Second, emotional responses have long been recognized as a key part of the narrative experience (e.g., Oatley, 1999; Mar et al., 2011), and shifts between positive and negative emotional experiences tend to intensify narrative transportation (Nabi and Green, 2015; Winkler et al., 2023). We assume that the emotions experienced and expressed by story characters likely contribute to intense narrative experiences (e.g., Appel and Richter, 2010); thus, the emotionality in the text (positive and negative) should predict the experience of narrative transportation and related experiences.

Finally, we expect linguistic elements belonging to the categories of relativity and perceptual processes (Meier et al., 2018; Pennebaker et al., 2001) to facilitate transportation. Narratives are anchored in time and space (e.g., Dahlstrom, 2014), and transportation relies on readers’ construction of a mental model of the story world and the causally connected narrative events (e.g., Busselle and Bilandzic, 2008). Vivid imagery of the story world and perspective taking with the characters are core facets of narrative transportation (Green and Brock, 2000; Green and Appel, 2024). Relativity words (prepositions and words that help to indicate space, time, and motions) may aid readers in the process of constructing a mental model of the narrative world and the chronological sequence of events. Further, verbalization of perceptual processes like seeing, hearing, or feeling may facilitate perspective taking, as they let readers witness how the character experiences the narrative world around them.

Study overview and predictions

To examine differences in the experience of AI-generated versus human-created stories, we first developed a viable sample of texts in which the goal of text production was identical for the AI and the human authors. To this end, 100 German students were asked to write an entertaining story, and the protagonist/topic of the story differed for each student. These 100 prompts were also used to generate German-language stories with ChatGPT. In a first set of analyses, we compared the resulting texts. We were specifically interested in textual differences on the dimensions we expected to influence narrative transportation and related reader experiences. Guided by theory and the LIWC linguistic text analysis dimensions (Meier et al., 2018), our pre-registered hypotheses were that narrative transportation and related experiences were positively associated with positive emotion, negative emotion, personal pronouns (higher level category consisting of 1st, 2nd, 3rd person pronouns), perceptual processes (higher level category consisting of seeing, hearing, and feeling), and relativity (higher level category consisting of motion, space, time). In Study 1, we compared stories created by ChatGPT to stories created by humans regarding these linguistic dimensions.
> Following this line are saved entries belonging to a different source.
(* Let $F$ be a $4$-regular graph, let $P$ be a circuit partition of $F$, and let $E\subseteq E(F)$ be such that each circuit of $P$ traverses at most one edge of $E$. If $\Gamma$ is a cycle spanning set of $F-E$, then $\pi_P(\Gamma\setminus P)$ is a cycle spanning set of $\mathrm{Tch}(P)$. If moreover $\Gamma$ is integral, then $\pi_P(\Gamma\setminus P)$ is an integral cycle spanning set of $\mathrm{Tch}(P)$.
   Context: Graphs: $G=(V,H,E,\epsilon)$ with finite sets of vertices $V$ and half-edges $H$, a partition $E$ of $H$ into unordered pairs (edges), and $\epsilon:H\to V$; loops and multiple edges allowed. For $E'\subseteq E(G)$, $G-E'$ is obtained by deleting the edges of $E'$. A directed version orders each edge as (tail, head). A single transition is an unordered pair of distinct half-edges incident with a common vertex; a directed single transition is such an ordered pair. A closed walk is a sequence $((h_1,h_2),\dots,(h_{n-1},h_n))$ of directed single transitions with $\{h_2,h_3\},\{h_4,h_5\},\dots,\{h_n,h_1\}$ edges, up to cyclic shift. For a directed version $D$ and closed walk $W$, $\sigma(D,W)\in\mathbb Z^{E}$ counts, at each edge $e$, traversals of $e$ along its direction minus traversals against it. A circuit is a nonempty closed walk using each half-edge at most once, with orientation forgotten. The cycle space of $D$ is the right null space over $\mathbb Q$ of its vertex-edge incidence matrix (entry $1$ if $v$ is incident to the tail but not head of $e$, $-1$ if to the head but not tail, $0$ otherwise). A cycle basis of $G$ is a set $B$ of closed walks such that the vectors $\sigma(D,W)$, $W\in B$, are pairwise distinct and form a basis of the cycle space of $D$. A cycle spanning set is a set of closed walks containing a cycle basis. A cycle spanning set $B$ is integral if $\sigma(D,W)$ lies in the $\mathbb Z$-span of $\{\sigma(D,W'):W'\in B\}$ for every closed walk $W$ of $G$. $F$ is $4$-regular if every vertex is incident with exactly $4$ half-edges. A transition at $v$ is a partition of the four half-edges at $v$ into two single transitions. A circuit partition $P$ is a set of circuits of $F$ such that every half-edge lies in exactly one single transition of exactly one circuit of $P$; $\tau(P)$ is the set of transitions both of whose single transitions occur in circuits of $P$. The touch-graph $\mathrm{Tch}(P)$ has vertex set $P$, half-edge set the set of single transitions occurring in circuits of $P$, edge set $\tau(P)$, and maps each single transition to the circuit containing it. For a closed walk $W$ of $F$, $\pi_P(W)$ is obtained by replacing each directed single transition $(h,h')$ of $W$ by $(s,s')$, where $s,s'$ are the single transitions of circuits of $P$ containing $h,h'$ respectively, and deleting the pairs with $s=s'$; it is a closed walk of $\mathrm{Tch}(P)$ in which each remaining pair $(s,s')$ traverses the edge $\{s,s'\}$ from half-edge $s$ to half-edge $s'$. For a set $S$ of closed walks, $\pi_P(S)$ is the multiset $\{\pi_P(W):W\in S\}$; $\Gamma\setminus P$ denotes $\Gamma$ with (any orientations of) circuits of $P$ removed. *)

theory Defs
  imports Complex_Main
begin

record ('v, 'h) graph =
  gverts :: "'v set"
  ghalfs :: "'h set"
  gedges :: "'h set set"
  ginc   :: "'h \<Rightarrow> 'v"

definition wf_graph :: "('v, 'h) graph \<Rightarrow> bool" where
  "wf_graph G \<longleftrightarrow> finite (gverts G) \<and> finite (ghalfs G)
     \<and> ginc G ` ghalfs G \<subseteq> gverts G
     \<and> (\<forall>e\<in>gedges G. e \<subseteq> ghalfs G \<and> card e = 2)
     \<and> (\<forall>h\<in>ghalfs G. \<exists>!e. e \<in> gedges G \<and> h \<in> e)"

definition four_regular :: "('v, 'h) graph \<Rightarrow> bool" where
  "four_regular G \<longleftrightarrow> (\<forall>v\<in>gverts G. card {h\<in>ghalfs G. ginc G h = v} = 4)"

definition del_edges :: "('v, 'h) graph \<Rightarrow> 'h set set \<Rightarrow> ('v, 'h) graph" where
  "del_edges G E' = G\<lparr>ghalfs := ghalfs G - \<Union>E', gedges := gedges G - E'\<rparr>"

text \<open>A directed version: for every edge, its tail half-edge (the other one is the head).\<close>
definition orientation :: "('v, 'h) graph \<Rightarrow> ('h set \<Rightarrow> 'h) \<Rightarrow> bool" where
  "orientation G D \<longleftrightarrow> (\<forall>e\<in>gedges G. D e \<in> e)"

definition head_of :: "('h set \<Rightarrow> 'h) \<Rightarrow> 'h set \<Rightarrow> 'h" where
  "head_of D e = (THE h. h \<in> e \<and> h \<noteq> D e)"

definition inc_mat :: "('v, 'h) graph \<Rightarrow> ('h set \<Rightarrow> 'h) \<Rightarrow> 'v \<Rightarrow> 'h set \<Rightarrow> rat" where
  "inc_mat G D v e =
     (if v = ginc G (D e) \<and> v \<noteq> ginc G (head_of D e) then 1
      else if v = ginc G (head_of D e) \<and> v \<noteq> ginc G (D e) then -1 else 0)"

definition cycle_space :: "('v, 'h) graph \<Rightarrow> ('h set \<Rightarrow> 'h) \<Rightarrow> ('h set \<Rightarrow> rat) set" where
  "cycle_space G D = {x. (\<forall>e. e \<notin> gedges G \<longrightarrow> x e = 0)
      \<and> (\<forall>v\<in>gverts G. (\<Sum>e\<in>gedges G. inc_mat G D v e * x e) = 0)}"

definition rat_span :: "('e \<Rightarrow> rat) set \<Rightarrow> ('e \<Rightarrow> rat) set" where
  "rat_span X = {(\<lambda>e. \<Sum>x\<in>S. c x * x e) | S c. finite S \<and> S \<subseteq> X}"

definition rat_lin_indep :: "('e \<Rightarrow> rat) set \<Rightarrow> bool" where
  "rat_lin_indep X \<longleftrightarrow> (\<forall>S c. finite S \<and> S \<subseteq> X \<and> (\<lambda>e. \<Sum>x\<in>S. c x * x e) = (\<lambda>e. 0)
      \<longrightarrow> (\<forall>x\<in>S. c x = 0))"

definition int_span :: "('e \<Rightarrow> int) set \<Rightarrow> ('e \<Rightarrow> int) set" where
  "int_span X = {(\<lambda>e. \<Sum>x\<in>S. c x * x e) | S c. finite S \<and> S \<subseteq> X}"

definition is_basis_of_cycle_space ::
  "('v, 'h) graph \<Rightarrow> ('h set \<Rightarrow> 'h) \<Rightarrow> ('h set \<Rightarrow> rat) set \<Rightarrow> bool" where
  "is_basis_of_cycle_space G D X \<longleftrightarrow>
     X \<subseteq> cycle_space G D \<and> rat_lin_indep X \<and> cycle_space G D \<subseteq> rat_span X"

text \<open>A closed walk ((h1,h2),...,(h_{n-1},h_n)) is a list of directed single transitions
  (pairs of distinct half-edges at a common vertex) such that h2 h3, ..., hn h1 form edges.
  Cyclic shifts are different lists representing the same closed walk.\<close>
definition closed_walk :: "('v, 'h) graph \<Rightarrow> ('h \<times> 'h) list \<Rightarrow> bool" where
  "closed_walk G w \<longleftrightarrow>
     (\<forall>(a, b)\<in>set w. a \<in> ghalfs G \<and> b \<in> ghalfs G \<and> a \<noteq> b \<and> ginc G a = ginc G b)
     \<and> (\<forall>i<length w. {snd (w ! i), fst (w ! (Suc i mod length w))} \<in> gedges G)"

definition etrav :: "('h \<times> 'h) list \<Rightarrow> ('h \<times> 'h) list" where
  "etrav w = map (\<lambda>i. (snd (w ! i), fst (w ! (Suc i mod length w)))) [0..<length w]"

definition sigma_trav :: "('v, 'h) graph \<Rightarrow> ('h set \<Rightarrow> 'h) \<Rightarrow> ('h \<times> 'h) list \<Rightarrow> 'h set \<Rightarrow> int" where
  "sigma_trav G D ts e =
     (if e \<in> gedges G then
        sum_list (map (\<lambda>(a, b). if {a, b} = e then (if a = D e then 1 else -1) else 0) ts)
      else 0)"

definition sigma :: "('v, 'h) graph \<Rightarrow> ('h set \<Rightarrow> 'h) \<Rightarrow> ('h \<times> 'h) list \<Rightarrow> 'h set \<Rightarrow> int" where
  "sigma G D w = sigma_trav G D (etrav w)"

definition rat_vec :: "('e \<Rightarrow> int) \<Rightarrow> ('e \<Rightarrow> rat)" where
  "rat_vec x = (\<lambda>e. of_int (x e))"

text \<open>Cycle spanning set, generic in the representation of walks: cw says which objects are
  closed walks, sig D W is the vector sigma(D,W). It must hold for every directed version
  (the notion does not depend on the choice).\<close>
definition cycle_spanning_set ::
  "('v, 'h) graph \<Rightarrow> ('w \<Rightarrow> bool) \<Rightarrow> (('h set \<Rightarrow> 'h) \<Rightarrow> 'w \<Rightarrow> 'h set \<Rightarrow> int) \<Rightarrow> 'w set \<Rightarrow> bool" where
  "cycle_spanning_set G cw sig \<Gamma> \<longleftrightarrow> (\<forall>W\<in>\<Gamma>. cw W) \<and>
     (\<forall>D. orientation G D \<longrightarrow>
        (\<exists>B\<subseteq>\<Gamma>. inj_on (sig D) B \<and> is_basis_of_cycle_space G D ((\<lambda>W. rat_vec (sig D W)) ` B)))"

definition integral_set ::
  "('v, 'h) graph \<Rightarrow> (('h set \<Rightarrow> 'h) \<Rightarrow> 'w \<Rightarrow> 'h set \<Rightarrow> int) \<Rightarrow> 'w set \<Rightarrow> bool" where
  "integral_set G sig \<Gamma> \<longleftrightarrow>
     (\<forall>D. orientation G D \<longrightarrow>
        (\<forall>W. closed_walk G W \<longrightarrow> sigma G D W \<in> int_span (sig D ` \<Gamma>)))"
In Study 2, we asked a large sample of recipients to read the stories created by humans or AI and to report on their experiential state during reading. Given the diverging lines of theory outlined above, we proposed several undirected mean differences hypotheses. We further assumed that the underlying craftsmanship of our student volunteers differed substantially, leading to a larger variance in recipient experiences of student volunteer stories as compared to AI-generated stories.

We expected a mean difference between stories created by AI versus stories created by human authors in terms of narrative transportation (H1), and higher variance in narrative transportation in the human authors condition as compared to the AI condition (H2). We further asked participants about the perceived novelty of the text, a key component of perceived creativity (along with usefulness, e.g., Runco and Jaeger, 2012). We expected a mean difference in perceived novelty between stories created by AI versus stories created by human authors (H3) and higher perceived novelty variance in the human-created stories (H4).
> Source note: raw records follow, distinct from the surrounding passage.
lemma pell_connected:
  assumes "k \<ge> 2" "u \<in> pell_vertices n k" "v \<in> pell_vertices n k"
  obtains m where "pell_within k m u v"
proof -
  have zero: "set (replicate n 0) \<subseteq> {..<k}" using assms(1) by auto
  have "pell_word k u" "length (replicate n 0) = length u"
    and "pell_word k v" "length (replicate n 0) = length v"
    using assms(2,3) by (simp_all add: pell_vertices_def)
  then obtain m1 m2 where "pell_within k m1 (replicate n 0) u" "pell_within k m2 (replicate n 0) v"
    using pell_within_weight_dist zero by meson
  then show ?thesis
    using that reachable_within_trans[OF pell_within_sym] by blast
qed

lemma weight_dist_le_gdist:
  assumes "k \<ge> 2" "u \<in> pell_vertices n k" "v \<in> pell_vertices n k"
  shows "weight_dist k u v \<le> 2 * int (gdist (pell_adj k) u v)"
proof -
  obtain m where "pell_within k m u v" using pell_connected[OF assms] .
  then show ?thesis by (rule weight_dist_le_walk[OF assms(1) relpowp_gdist])
qed

lemma gdist_le_weight_dist:
  assumes "pell_word k v" "length u = length v" "set u \<subseteq> {..<k}"
  shows "2 * int (gdist (pell_adj k) u v) \<le> weight_dist k u v"
proof -
  obtain m where "pell_within k m u v" "2 * int m \<le> weight_dist k u v"
    using pell_within_weight_dist[OF assms] by blast
  then show ?thesis using gdist_le[of "pell_adj k" m u v] by linarith
qed

section \<open>The center\<close>

text \<open>For u over {a, a + 1} with a = (k - 1) div 2, excess a (k mod 2) u is the amount by which
  ecc u exceeds n (k div 2): a greedy factor aa costs 1 (the antipode puts kk there) and each other
  letter a + 1 costs k mod 2.\<close>

fun excess :: "nat \<Rightarrow> nat \<Rightarrow> nat list \<Rightarrow> nat" where
  "excess a \<beta> (x # y # ys) =
     (if x = a \<and> y = a then 1 + excess a \<beta> ys else (if x = Suc a then \<beta> else 0) + excess a \<beta> (y # ys))"
| "excess a \<beta> [x] = (if x = Suc a then \<beta> else 0)"
| "excess a \<beta> [] = 0"

lemma excess_Suc_Cons: "excess a \<beta> (Suc a # w) = \<beta> + excess a \<beta> w"
  by (cases w) auto

lemma excess_Cons_central: "excess a \<beta> w \<le> excess a \<beta> (a # w) \<and> excess a \<beta> (a # w) \<le> 1 + excess a \<beta> w"
  by (induction w) auto

lemma excess_Cons_ge: "(if x = Suc a then \<beta> else 0) + excess a \<beta> w \<le> excess a \<beta> (x # w)"
  using excess_Cons_central[of a \<beta> w] by (cases w) (auto simp: excess_Suc_Cons)

lemma excess_Cons_Cons_ge: "(if x = a \<and> y = a then 1 else 0) + excess a \<beta> ys \<le> excess a \<beta> (x # y # ys)"
  using excess_Cons_ge[of y a \<beta> ys] excess_Cons_ge[of x a \<beta> "y # ys"] by (auto split: if_splits)

lemma excess_ge:
  assumes "\<beta> \<le> 1" "set w \<subseteq> {a, Suc a}"
  shows "\<beta> * (length w div 2) \<le> excess a \<beta> w"
  using assms(2)
proof (induction w rule: induct_list012)
  case (3 x y zs)
  then show ?case
    using assms(1) excess_Cons_central[of a \<beta> zs] by (auto simp: excess_Suc_Cons algebra_simps)
qed auto

lemma excess_replicate_central: "excess a \<beta> (replicate n a) = n div 2"
  by (induction n rule: nat_induct2) auto

lemma excess_replicate_Suc: "excess a \<beta> (replicate n (Suc a)) = \<beta> * n"
  by (induction n) (auto simp: excess_Suc_Cons)

lemma excess_zero_iff: "excess a 0 u = 0 \<longleftrightarrow> successively (\<lambda>x y. \<not> (x = a \<and> y = a)) u"
  by (induction a "0::nat" u rule: excess.induct) auto

locale pell_alphabet =
  fixes k :: nat
  assumes k_ge_2: "2 \<le> k"
begin

definition a :: nat where "a = (k - 1) div 2"

lemma a_cases:
  "(k = 2 * a + 2 \<and> k div 2 = Suc a \<and> k mod 2 = 0) \<or> (k = 2 * a + 1 \<and> k div 2 = a \<and> k mod 2 = 1 \<and> 3 \<le> k)"
  using k_ge_2 unfolding a_def by presburger

lemma Suc_a_less: "Suc a < k"
  using a_cases by auto

definition far_letter :: "nat \<Rightarrow> nat" where
  "far_letter x = (if x \<le> a then k - 1 else 0)"

fun antipode :: "nat list \<Rightarrow> nat list" where
  "antipode (x # y # ys) = (if x \<le> a \<and> y \<le> a then k # k # antipode ys else far_letter x # antipode (y # ys))"
| "antipode [x] = [far_letter x]"
| "antipode [] = []"

definition nearest_central :: "nat \<Rightarrow> nat" where
  "nearest_central x = (if x \<le> a then a else Suc a)"

lemma antipode_in_pell_vertices: "antipode u \<in> pell_vertices (length u) k"
proof -
  have "length (antipode u) = length u \<and> pell_word k (antipode u)"
    using k_ge_2 by (induction u rule: antipode.induct) (auto simp: far_letter_def)
  then show ?thesis unfolding pell_vertices_def by simp
qed

lemma far_letter_weight:
  assumes "x \<le> k"
  shows "2 * int (k div 2) + 2 * int (if a < x then k mod 2 else 0) + (if x \<in> {a, Suc a} then 0 else 1)
    \<le> \<bar>letter_weight k x - letter_weight k (far_letter x)\<bar>"
  using assms a_cases unfolding letter_weight_def far_letter_def by auto

lemma pair_weight_kk:
  assumes "x \<le> a" "y \<le> a"
  shows "4 * int (k div 2) + 2 + (if x = a \<and> y = a then 0 else 1)
    \<le> \<bar>letter_weight k x - letter_weight k k\<bar> + \<bar>letter_weight k y - letter_weight k k\<bar>"
  using assms a_cases unfolding letter_weight_def by auto

lemma central_letter_weight:
  assumes "x \<in> {a, Suc a}" "y < k"
  shows "\<bar>letter_weight k x - letter_weight k y\<bar> \<le> 2 * int (k div 2) + 2 * int (if x = Suc a then k mod 2 else 0)"
  using assms a_cases unfolding letter_weight_def by auto

lemma central_pair_weight_kk:
  assumes "x \<in> {a, Suc a}" "y \<in> {a, Suc a}"
  shows "\<bar>letter_weight k x - letter_weight k k\<bar> + \<bar>letter_weight k y - letter_weight k k\<bar>
    \<le> 4 * int (k div 2) + 2 * int (if x = a \<and> y = a then 1 else 0)"
  using assms a_cases unfolding letter_weight_def by auto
Much of the literature on the experience of narratives and entertainment media has focused on enjoyment and appreciation as two dimensions of experience (e.g., Oliver et al., 2021; Oliver and Bartsch, 2010). Enjoyment reflects the hedonic component of the entertainment experience whereas appreciation reflects the eudaimonic component of the entertainment experience (Oliver and Raney, 2011; Oliver et al., 2021). We expected a mean difference in enjoyment (H5), and higher variance in perceived enjoyment when reading the human-created stories (H6). As a directed hypothesis we expected that stories created by human authors elicit more appreciation than stories written by AI (H7), and we again assumed that the variance for this variable was higher when reading human-created stories (H8).

In addition to our hypotheses, we addressed several research questions: First, we examined the moderating role of recipients’ prior experience with LLMs: Do the focal mean differences vary with recipients’ prior experience with LLMs such as Chat GPT? (RQ1). We were further interested whether or not the AI-generated and the human stories were equally attributed to a professional author. Thus, our second research question was: Does story condition influence recipients’ assessment of the author’s expertise? (RQ2). Third, the correct attribution of the source was of interest: Can participants distinguish between AI stories and human stories? (RQ3). Fourth, we wished to gain insight into the association between source attribution and perceived expertise: Is recipients’ assessment whether the story was written by AI or by a human related to perceived expertise? (RQ 4).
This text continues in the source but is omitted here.